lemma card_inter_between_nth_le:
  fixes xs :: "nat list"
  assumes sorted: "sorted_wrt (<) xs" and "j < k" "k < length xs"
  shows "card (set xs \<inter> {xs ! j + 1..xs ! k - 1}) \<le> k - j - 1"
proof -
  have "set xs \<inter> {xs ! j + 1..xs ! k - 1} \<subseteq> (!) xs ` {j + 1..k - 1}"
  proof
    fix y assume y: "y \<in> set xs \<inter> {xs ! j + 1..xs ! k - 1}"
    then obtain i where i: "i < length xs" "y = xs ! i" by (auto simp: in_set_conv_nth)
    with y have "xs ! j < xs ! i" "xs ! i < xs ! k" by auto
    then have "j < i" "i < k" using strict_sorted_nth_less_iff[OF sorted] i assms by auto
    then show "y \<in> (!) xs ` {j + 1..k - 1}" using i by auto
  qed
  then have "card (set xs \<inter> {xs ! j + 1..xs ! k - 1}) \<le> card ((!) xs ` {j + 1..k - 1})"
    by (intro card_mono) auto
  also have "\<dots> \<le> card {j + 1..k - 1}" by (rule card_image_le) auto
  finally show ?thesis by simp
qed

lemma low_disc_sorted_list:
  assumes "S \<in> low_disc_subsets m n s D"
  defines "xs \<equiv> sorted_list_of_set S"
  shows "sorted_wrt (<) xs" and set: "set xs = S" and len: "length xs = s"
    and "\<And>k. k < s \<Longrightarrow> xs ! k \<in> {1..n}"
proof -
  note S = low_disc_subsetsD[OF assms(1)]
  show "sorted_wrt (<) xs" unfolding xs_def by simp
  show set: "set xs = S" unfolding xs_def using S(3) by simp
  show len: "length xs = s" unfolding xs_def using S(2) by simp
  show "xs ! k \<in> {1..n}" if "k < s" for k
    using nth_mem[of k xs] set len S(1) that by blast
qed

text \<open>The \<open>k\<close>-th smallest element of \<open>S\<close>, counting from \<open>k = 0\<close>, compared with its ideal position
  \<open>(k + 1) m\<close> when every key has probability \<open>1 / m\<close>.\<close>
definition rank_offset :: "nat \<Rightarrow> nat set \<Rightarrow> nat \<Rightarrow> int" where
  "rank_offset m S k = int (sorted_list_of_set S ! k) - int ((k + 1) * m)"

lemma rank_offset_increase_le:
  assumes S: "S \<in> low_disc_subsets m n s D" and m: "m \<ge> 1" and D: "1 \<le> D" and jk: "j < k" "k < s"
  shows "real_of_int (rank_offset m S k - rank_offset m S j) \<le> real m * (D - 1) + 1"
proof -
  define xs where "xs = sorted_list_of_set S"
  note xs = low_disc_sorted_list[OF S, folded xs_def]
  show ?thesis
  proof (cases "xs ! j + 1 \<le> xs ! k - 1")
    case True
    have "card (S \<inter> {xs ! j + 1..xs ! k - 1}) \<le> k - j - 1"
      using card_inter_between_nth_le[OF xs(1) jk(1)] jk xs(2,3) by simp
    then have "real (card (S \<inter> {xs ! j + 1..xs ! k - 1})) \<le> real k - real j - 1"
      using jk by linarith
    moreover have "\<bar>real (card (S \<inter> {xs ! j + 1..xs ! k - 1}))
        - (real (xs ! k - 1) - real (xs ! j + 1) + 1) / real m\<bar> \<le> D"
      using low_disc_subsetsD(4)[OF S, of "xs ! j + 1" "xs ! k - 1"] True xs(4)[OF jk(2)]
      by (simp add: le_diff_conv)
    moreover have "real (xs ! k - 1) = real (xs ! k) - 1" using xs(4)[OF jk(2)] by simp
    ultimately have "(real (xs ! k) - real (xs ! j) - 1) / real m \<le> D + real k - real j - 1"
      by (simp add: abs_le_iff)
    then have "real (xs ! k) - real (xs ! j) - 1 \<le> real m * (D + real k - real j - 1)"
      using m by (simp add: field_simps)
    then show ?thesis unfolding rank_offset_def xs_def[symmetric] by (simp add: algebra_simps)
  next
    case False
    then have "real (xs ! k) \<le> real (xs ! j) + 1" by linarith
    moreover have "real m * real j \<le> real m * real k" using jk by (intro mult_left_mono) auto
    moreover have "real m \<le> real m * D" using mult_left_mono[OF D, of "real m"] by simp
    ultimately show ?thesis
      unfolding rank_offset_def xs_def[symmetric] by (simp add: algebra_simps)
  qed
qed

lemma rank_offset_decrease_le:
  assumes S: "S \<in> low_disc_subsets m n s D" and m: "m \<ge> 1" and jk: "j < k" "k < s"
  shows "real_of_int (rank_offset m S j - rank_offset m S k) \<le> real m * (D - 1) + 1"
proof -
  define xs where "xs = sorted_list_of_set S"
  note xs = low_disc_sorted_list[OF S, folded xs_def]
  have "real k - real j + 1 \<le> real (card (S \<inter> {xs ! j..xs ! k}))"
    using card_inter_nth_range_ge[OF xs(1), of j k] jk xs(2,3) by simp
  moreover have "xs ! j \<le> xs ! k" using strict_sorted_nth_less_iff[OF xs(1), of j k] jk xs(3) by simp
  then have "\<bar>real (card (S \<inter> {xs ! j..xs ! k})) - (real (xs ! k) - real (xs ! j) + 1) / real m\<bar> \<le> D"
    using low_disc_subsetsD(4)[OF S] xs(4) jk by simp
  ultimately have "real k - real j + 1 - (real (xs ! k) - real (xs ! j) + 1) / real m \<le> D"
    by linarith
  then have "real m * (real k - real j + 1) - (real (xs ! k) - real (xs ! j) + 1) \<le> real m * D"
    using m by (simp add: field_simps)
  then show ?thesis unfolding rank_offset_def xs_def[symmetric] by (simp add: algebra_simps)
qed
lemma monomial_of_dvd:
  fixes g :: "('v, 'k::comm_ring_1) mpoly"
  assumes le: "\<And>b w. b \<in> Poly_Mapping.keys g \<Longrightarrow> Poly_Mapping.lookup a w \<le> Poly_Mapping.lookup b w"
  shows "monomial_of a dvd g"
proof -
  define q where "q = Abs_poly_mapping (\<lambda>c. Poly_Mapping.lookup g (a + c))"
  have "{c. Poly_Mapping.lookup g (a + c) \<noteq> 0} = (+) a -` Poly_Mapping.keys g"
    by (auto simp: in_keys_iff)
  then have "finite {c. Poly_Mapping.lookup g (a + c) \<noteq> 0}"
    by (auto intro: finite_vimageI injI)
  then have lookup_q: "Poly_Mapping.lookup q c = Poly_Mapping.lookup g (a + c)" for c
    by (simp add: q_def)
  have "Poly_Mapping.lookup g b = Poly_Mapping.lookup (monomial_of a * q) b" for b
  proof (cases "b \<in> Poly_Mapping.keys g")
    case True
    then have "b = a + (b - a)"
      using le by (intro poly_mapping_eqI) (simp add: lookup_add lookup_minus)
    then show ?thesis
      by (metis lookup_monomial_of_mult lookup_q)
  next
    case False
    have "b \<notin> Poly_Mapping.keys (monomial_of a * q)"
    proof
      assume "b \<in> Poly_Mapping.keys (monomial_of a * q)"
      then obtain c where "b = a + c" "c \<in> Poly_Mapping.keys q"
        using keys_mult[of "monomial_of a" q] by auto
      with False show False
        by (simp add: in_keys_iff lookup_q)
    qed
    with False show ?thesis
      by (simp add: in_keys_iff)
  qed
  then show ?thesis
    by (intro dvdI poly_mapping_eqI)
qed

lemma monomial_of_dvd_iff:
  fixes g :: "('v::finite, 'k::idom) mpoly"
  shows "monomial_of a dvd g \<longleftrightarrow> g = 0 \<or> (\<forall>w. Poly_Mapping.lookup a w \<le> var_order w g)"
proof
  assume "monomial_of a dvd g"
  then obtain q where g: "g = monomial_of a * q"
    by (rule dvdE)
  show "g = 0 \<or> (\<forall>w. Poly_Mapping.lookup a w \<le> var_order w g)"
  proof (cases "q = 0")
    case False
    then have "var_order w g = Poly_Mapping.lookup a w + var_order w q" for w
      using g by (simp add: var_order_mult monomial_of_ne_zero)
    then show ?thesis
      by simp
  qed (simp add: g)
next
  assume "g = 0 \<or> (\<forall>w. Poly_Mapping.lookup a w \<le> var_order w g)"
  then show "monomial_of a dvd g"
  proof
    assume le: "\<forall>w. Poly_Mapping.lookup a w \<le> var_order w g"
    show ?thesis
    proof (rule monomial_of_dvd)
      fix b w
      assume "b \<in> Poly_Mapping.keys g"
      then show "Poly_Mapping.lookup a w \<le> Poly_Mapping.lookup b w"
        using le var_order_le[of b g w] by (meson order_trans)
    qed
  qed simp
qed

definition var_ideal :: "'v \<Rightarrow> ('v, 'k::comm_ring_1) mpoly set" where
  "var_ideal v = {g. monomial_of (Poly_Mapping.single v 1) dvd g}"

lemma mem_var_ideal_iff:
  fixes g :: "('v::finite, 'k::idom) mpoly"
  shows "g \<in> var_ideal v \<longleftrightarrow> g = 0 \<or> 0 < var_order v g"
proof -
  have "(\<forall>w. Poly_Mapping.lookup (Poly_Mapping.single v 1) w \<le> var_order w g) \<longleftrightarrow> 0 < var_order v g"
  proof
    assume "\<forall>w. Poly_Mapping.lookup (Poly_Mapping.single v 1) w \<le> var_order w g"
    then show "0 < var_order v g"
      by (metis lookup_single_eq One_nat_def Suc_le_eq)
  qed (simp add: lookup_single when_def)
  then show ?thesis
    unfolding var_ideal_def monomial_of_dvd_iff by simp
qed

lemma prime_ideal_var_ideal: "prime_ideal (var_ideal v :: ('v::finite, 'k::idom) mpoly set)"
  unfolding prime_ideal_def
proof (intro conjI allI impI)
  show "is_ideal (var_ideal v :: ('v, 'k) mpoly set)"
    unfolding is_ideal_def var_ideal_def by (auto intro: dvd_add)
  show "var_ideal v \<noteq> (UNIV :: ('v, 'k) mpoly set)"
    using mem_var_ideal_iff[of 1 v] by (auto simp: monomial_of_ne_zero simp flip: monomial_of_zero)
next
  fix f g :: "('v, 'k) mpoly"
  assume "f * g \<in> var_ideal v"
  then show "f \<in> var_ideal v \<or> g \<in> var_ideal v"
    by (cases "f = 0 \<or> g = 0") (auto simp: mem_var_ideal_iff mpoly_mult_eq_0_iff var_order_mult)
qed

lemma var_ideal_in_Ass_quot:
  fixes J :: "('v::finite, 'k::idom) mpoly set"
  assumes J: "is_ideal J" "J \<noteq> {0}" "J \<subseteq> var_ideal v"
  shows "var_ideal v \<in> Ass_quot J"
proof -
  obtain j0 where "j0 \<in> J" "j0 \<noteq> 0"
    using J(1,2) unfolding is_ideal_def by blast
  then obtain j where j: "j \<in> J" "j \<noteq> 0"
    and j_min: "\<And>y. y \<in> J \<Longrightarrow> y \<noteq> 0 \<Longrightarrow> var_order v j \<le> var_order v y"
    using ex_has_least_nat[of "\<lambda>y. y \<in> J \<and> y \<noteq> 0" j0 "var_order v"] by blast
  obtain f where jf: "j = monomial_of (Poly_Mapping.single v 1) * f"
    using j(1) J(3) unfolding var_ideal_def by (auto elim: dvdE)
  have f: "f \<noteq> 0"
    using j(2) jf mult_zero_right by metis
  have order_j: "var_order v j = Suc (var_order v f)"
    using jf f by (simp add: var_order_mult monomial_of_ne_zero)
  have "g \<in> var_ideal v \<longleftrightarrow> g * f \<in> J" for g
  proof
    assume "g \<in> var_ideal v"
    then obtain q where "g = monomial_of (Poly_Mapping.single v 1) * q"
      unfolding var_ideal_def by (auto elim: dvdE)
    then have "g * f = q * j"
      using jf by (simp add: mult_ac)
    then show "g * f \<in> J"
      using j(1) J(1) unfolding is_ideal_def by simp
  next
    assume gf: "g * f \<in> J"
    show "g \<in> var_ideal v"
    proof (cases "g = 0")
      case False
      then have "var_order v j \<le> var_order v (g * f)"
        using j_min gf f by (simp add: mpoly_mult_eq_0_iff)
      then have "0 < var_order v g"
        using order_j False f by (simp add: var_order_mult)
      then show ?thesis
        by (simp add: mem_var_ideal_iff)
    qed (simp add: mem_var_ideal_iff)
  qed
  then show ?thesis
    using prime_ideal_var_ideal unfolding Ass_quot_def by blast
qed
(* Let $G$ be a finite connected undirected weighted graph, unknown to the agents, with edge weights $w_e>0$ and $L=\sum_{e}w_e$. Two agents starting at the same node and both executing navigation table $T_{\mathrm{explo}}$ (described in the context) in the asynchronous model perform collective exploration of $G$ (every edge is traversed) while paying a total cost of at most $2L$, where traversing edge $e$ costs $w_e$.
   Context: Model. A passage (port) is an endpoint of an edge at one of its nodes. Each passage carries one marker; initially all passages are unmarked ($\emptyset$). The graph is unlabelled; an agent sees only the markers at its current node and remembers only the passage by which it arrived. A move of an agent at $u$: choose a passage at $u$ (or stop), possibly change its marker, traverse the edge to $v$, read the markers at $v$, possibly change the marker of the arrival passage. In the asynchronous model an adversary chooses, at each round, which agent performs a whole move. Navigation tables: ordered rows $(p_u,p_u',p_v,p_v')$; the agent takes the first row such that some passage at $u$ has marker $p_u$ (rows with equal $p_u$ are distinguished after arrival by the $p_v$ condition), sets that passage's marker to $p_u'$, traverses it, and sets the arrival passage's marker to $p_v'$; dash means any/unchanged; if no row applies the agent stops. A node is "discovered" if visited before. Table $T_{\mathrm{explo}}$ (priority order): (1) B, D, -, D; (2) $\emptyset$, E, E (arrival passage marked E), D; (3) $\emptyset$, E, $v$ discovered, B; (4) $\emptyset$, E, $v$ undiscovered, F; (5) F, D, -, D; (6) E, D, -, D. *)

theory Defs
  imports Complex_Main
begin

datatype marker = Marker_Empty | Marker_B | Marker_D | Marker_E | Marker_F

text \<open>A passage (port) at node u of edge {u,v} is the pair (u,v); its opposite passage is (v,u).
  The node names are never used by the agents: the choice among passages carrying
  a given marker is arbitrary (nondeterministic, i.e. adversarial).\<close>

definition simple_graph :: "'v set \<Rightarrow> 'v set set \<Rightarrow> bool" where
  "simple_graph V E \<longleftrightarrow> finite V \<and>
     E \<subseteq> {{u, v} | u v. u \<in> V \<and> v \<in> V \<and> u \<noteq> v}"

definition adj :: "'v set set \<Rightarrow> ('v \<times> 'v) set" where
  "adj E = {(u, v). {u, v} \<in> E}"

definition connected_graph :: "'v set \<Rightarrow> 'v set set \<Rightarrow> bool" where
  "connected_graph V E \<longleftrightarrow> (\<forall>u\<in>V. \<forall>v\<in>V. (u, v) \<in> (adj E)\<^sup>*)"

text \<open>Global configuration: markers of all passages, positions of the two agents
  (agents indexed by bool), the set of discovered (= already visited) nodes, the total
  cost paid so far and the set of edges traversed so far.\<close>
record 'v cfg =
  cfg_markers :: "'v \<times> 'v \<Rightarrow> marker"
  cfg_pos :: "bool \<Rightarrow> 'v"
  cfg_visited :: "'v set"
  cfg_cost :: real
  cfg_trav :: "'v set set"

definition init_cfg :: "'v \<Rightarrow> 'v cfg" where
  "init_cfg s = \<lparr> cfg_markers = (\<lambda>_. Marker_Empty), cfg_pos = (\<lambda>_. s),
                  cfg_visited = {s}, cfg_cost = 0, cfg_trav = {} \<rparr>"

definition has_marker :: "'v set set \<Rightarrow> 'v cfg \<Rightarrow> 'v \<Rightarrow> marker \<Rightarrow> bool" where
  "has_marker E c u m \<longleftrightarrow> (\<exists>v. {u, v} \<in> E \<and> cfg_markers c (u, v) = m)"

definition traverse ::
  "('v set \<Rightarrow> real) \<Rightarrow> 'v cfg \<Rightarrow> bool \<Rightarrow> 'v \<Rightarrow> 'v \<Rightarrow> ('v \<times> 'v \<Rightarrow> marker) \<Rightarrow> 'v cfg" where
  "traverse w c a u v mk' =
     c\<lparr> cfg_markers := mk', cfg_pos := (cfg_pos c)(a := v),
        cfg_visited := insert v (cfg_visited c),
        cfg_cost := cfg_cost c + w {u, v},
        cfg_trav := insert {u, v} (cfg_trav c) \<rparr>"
—————
WHAT YOU HAVE TO DO =>
Stopping at the line containing "fix y assume", please repeat exactly every line from the very start of the entries, that line included, and nothing more.

YOUR SOLUTION =>
lemma card_inter_between_nth_le:
  fixes xs :: "nat list"
  assumes sorted: "sorted_wrt (<) xs" and "j < k" "k < length xs"
  shows "card (set xs \<inter> {xs ! j + 1..xs ! k - 1}) \<le> k - j - 1"
proof -
  have "set xs \<inter> {xs ! j + 1..xs ! k - 1} \<subseteq> (!) xs ` {j + 1..k - 1}"
  proof
    fix y assume y: "y \<in> set xs \<inter> {xs ! j + 1..xs ! k - 1}"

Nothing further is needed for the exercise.